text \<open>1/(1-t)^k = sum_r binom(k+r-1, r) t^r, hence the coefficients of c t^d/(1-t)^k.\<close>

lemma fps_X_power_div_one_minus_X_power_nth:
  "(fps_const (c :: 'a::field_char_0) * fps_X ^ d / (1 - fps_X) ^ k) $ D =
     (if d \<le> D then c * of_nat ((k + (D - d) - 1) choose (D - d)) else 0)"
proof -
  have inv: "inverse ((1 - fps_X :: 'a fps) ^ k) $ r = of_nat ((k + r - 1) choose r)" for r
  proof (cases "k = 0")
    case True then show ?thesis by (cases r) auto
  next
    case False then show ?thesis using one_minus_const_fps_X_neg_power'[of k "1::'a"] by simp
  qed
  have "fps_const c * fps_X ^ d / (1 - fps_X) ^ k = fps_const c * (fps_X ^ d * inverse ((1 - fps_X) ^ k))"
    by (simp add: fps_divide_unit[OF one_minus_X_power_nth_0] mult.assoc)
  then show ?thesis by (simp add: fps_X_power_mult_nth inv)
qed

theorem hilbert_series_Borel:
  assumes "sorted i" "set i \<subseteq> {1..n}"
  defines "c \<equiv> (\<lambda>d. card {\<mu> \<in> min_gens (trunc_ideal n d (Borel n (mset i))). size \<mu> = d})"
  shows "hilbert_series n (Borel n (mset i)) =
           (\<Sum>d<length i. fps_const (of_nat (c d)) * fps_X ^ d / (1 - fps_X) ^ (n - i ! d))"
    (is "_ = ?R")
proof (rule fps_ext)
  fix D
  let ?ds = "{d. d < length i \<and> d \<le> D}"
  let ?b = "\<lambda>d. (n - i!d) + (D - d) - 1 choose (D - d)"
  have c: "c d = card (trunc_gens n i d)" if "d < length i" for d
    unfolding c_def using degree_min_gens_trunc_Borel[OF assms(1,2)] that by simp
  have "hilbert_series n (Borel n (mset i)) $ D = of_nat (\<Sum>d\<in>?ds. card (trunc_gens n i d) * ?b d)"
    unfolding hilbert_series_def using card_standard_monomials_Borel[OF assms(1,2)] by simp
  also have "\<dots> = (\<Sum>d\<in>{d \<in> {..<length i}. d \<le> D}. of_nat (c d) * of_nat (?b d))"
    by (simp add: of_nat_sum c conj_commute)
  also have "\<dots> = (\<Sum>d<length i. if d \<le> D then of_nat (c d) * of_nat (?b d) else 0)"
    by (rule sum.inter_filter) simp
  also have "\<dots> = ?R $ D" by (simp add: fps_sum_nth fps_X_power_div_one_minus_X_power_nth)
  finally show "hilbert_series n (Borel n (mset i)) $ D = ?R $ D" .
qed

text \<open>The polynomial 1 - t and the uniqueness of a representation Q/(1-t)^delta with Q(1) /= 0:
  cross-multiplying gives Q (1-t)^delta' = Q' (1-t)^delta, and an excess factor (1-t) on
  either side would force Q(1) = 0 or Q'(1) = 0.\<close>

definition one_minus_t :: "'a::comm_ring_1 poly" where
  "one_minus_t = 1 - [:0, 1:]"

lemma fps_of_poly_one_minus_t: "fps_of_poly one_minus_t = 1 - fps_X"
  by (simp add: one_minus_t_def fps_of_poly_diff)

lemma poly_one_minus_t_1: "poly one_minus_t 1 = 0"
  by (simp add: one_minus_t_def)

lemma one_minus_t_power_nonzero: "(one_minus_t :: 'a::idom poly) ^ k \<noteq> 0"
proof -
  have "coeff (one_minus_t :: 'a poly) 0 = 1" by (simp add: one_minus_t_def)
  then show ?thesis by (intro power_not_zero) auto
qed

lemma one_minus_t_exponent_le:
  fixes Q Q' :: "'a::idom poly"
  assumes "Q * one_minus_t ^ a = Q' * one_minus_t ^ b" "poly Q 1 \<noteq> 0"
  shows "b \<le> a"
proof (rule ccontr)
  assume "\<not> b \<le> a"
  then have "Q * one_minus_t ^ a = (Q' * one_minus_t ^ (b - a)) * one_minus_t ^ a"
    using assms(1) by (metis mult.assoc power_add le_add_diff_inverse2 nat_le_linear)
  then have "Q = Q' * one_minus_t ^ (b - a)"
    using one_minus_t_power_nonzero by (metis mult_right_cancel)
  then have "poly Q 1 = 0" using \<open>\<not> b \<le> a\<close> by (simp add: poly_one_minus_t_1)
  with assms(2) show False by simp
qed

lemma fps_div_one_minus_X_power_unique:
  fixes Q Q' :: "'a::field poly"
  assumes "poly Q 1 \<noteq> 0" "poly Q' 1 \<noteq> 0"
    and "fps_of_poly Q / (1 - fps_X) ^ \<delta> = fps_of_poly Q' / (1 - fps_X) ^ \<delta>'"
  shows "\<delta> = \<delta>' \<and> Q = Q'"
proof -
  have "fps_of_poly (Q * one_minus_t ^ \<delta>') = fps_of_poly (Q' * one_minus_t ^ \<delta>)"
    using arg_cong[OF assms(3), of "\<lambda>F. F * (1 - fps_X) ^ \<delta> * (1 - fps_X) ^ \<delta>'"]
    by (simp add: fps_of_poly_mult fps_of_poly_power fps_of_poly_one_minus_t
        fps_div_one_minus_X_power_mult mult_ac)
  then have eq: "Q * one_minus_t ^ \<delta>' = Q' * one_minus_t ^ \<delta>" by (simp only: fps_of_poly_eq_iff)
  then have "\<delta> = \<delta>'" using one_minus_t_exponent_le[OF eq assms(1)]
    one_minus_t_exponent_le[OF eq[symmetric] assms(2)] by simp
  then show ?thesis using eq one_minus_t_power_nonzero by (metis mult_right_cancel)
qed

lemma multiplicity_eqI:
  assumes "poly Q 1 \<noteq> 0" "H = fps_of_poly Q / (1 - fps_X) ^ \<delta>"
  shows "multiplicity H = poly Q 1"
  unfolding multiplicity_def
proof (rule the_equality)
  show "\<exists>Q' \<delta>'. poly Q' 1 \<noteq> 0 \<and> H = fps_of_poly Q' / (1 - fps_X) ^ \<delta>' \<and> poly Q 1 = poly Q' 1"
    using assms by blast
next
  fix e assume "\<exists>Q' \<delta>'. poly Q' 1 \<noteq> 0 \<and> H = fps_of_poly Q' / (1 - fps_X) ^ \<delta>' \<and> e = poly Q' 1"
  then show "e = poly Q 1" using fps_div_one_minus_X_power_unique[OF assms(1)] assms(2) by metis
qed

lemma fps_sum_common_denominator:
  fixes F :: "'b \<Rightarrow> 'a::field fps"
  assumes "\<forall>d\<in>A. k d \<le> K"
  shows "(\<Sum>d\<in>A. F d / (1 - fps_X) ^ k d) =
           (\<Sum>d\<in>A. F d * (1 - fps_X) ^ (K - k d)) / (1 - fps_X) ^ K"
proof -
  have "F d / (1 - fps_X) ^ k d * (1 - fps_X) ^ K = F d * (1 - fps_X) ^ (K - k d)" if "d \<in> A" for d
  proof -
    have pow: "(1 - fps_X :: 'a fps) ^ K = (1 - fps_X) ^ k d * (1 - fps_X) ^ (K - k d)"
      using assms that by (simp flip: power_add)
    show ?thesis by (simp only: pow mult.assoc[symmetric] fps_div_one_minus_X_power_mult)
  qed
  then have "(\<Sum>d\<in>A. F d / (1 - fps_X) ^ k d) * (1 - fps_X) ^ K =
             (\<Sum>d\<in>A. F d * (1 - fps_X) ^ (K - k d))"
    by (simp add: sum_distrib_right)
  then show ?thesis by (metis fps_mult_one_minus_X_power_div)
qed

-=-=-

# [Assigned task]
Which lines in the records above contain the word "text"? Copy each one.

# [Completed exercise]
text \<open>1/(1-t)^k = sum_r binom(k+r-1, r) t^r, hence the coefficients of c t^d/(1-t)^k.\<close>
text \<open>The polynomial 1 - t and the uniqueness of a representation Q/(1-t)^delta with Q(1) /= 0:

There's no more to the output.